Stored data

text \<open>For fixed \<open>x\<close>, \<open>F\<^sub>N(x)\<close> is the empirical mean of \<open>N\<close> independent copies of the random
feature \<open>g\<^sub>x(z, \<omega>) = c(z) k(\<omega>, \<langle>a, x\<rangle> + b, t)\<close>. By Fubini its mean is \<open>f(x)\<close>, and since
\<open>|k| \<le> 1\<close> its second moment is at most \<open>\<parallel>c\<parallel>\<^sup>2 \<le> C\<^sup>2\<close>. Independence makes the cross terms
vanish, so \<open>E |F\<^sub>N(x) - f(x)|\<^sup>2 = Var g\<^sub>x / N \<le> C\<^sup>2 / N\<close>; integrating against \<open>\<mu>\<close> and exchanging
the integrals (Tonelli) gives the mean-square bound, and Markov's inequality for
\<open>\<parallel>F\<^sub>N - f\<parallel>\<^sup>2\<close> gives the tail bound.\<close>

lemma (in prob_space) integral_PiM_component:
  fixes f :: "'a \<Rightarrow> 'b::{banach, second_countable_topology}"
  assumes "i \<in> I" and "integrable M f"
  shows "integrable (PiM I (\<lambda>_. M)) (\<lambda>\<xi>. f (\<xi> i))"
    and "(\<integral>\<xi>. f (\<xi> i) \<partial>PiM I (\<lambda>_. M)) = expectation f"
proof -
  have "distr (PiM I (\<lambda>_. M)) M (\<lambda>\<xi>. \<xi> i) = M"
    using assms(1) by (intro distr_PiM_component) (auto intro: prob_space_axioms)
  then show "integrable (PiM I (\<lambda>_. M)) (\<lambda>\<xi>. f (\<xi> i))"
    and "(\<integral>\<xi>. f (\<xi> i) \<partial>PiM I (\<lambda>_. M)) = expectation f"
    using assms integrable_distr_eq[of "\<lambda>\<xi>. \<xi> i" "PiM I (\<lambda>_. M)" M f]
      integral_distr[of "\<lambda>\<xi>. \<xi> i" "PiM I (\<lambda>_. M)" M f]
    by (simp_all add: measurable_component_singleton)
qed

lemma (in prob_space) integral_PiM_mult_components:
  fixes f g :: "'a \<Rightarrow> real"
  assumes "finite I" "i \<in> I" "j \<in> I" "i \<noteq> j" and f: "integrable M f" and g: "integrable M g"
  shows "integrable (PiM I (\<lambda>_. M)) (\<lambda>\<xi>. f (\<xi> i) * g (\<xi> j))"
    and "(\<integral>\<xi>. f (\<xi> i) * g (\<xi> j) \<partial>PiM I (\<lambda>_. M)) = expectation f * expectation g"
proof -
  interpret PiM: product_prob_space "\<lambda>_. M" by unfold_locales
  define h where "h l = (if l = i then f else if l = j then g else (\<lambda>_. 1))" for l
  have h_int: "integrable M (h l)" for l
    using f g by (simp add: h_def)
  have "(\<Prod>l\<in>I. h l (\<xi> l)) = f (\<xi> i) * g (\<xi> j)" for \<xi>
  proof -
    have "(\<Prod>l\<in>I. h l (\<xi> l)) = (\<Prod>l\<in>I. (if l = i then f (\<xi> l) else 1) * (if l = j then g (\<xi> l) else 1))"
      using \<open>i \<noteq> j\<close> by (intro prod.cong) (auto simp: h_def)
    then show ?thesis
      using assms(1-3) by (simp add: prod.distrib)
  qed
  moreover have "(\<Prod>l\<in>I. integral\<^sup>L M (h l)) = expectation f * expectation g"
  proof -
    have "(\<Prod>l\<in>I. integral\<^sup>L M (h l))
        = (\<Prod>l\<in>I. (if l = i then expectation f else 1) * (if l = j then expectation g else 1))"
      using \<open>i \<noteq> j\<close> by (intro prod.cong) (auto simp: h_def prob_space)
    then show ?thesis
      using assms(1-3) by (simp add: prod.distrib)
  qed
  ultimately show "integrable (PiM I (\<lambda>_. M)) (\<lambda>\<xi>. f (\<xi> i) * g (\<xi> j))"
    and "(\<integral>\<xi>. f (\<xi> i) * g (\<xi> j) \<partial>PiM I (\<lambda>_. M)) = expectation f * expectation g"
    using PiM.product_integrable_prod[of I h] PiM.product_integral_prod[of I h] assms(1) h_int by simp_all
qed

lemma (in prob_space) integral_PiM_sum_components_square:
  fixes h :: "'a \<Rightarrow> real"
  assumes "finite I" and h: "integrable M h" and h2: "integrable M (\<lambda>x. (h x)\<^sup>2)"
    and centered: "expectation h = 0"
  shows "integrable (PiM I (\<lambda>_. M)) (\<lambda>\<xi>. (\<Sum>i\<in>I. h (\<xi> i))\<^sup>2)"
    and "(\<integral>\<xi>. (\<Sum>i\<in>I. h (\<xi> i))\<^sup>2 \<partial>PiM I (\<lambda>_. M)) = card I * expectation (\<lambda>x. (h x)\<^sup>2)"
proof -
  have square: "(\<Sum>i\<in>I. h (\<xi> i))\<^sup>2 = (\<Sum>i\<in>I. \<Sum>j\<in>I. h (\<xi> i) * h (\<xi> j))" for \<xi>
    by (simp add: power2_eq_square sum_product)
  have cross: "integrable (PiM I (\<lambda>_. M)) (\<lambda>\<xi>. h (\<xi> i) * h (\<xi> j)) \<and>
      (\<integral>\<xi>. h (\<xi> i) * h (\<xi> j) \<partial>PiM I (\<lambda>_. M)) = (if i = j then expectation (\<lambda>x. (h x)\<^sup>2) else 0)"
    if "i \<in> I" "j \<in> I" for i j
  proof (cases "i = j")
    case True
    then show ?thesis
      using integral_PiM_component[OF \<open>i \<in> I\<close> h2]
      by (simp add: power2_eq_square)
  next
    case False
    then show ?thesis
      using integral_PiM_mult_components[OF \<open>finite I\<close> that False h h] centered by simp
  qed
  then show "integrable (PiM I (\<lambda>_. M)) (\<lambda>\<xi>. (\<Sum>i\<in>I. h (\<xi> i))\<^sup>2)"
    unfolding square by (intro Bochner_Integration.integrable_sum) auto
  have "(\<integral>\<xi>. (\<Sum>i\<in>I. h (\<xi> i))\<^sup>2 \<partial>PiM I (\<lambda>_. M))
      = (\<Sum>i\<in>I. \<Sum>j\<in>I. if i = j then expectation (\<lambda>x. (h x)\<^sup>2) else 0)"
    unfolding square using cross
    by (simp add: Bochner_Integration.integral_sum)
  then show "(\<integral>\<xi>. (\<Sum>i\<in>I. h (\<xi> i))\<^sup>2 \<partial>PiM I (\<lambda>_. M)) = card I * expectation (\<lambda>x. (h x)\<^sup>2)"
    using \<open>finite I\<close> by simp
qed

- **ASSIGNMENT**
In the records, count every line that includes "assumes" and give the count alone.

- **YOUR RESPONSE**
3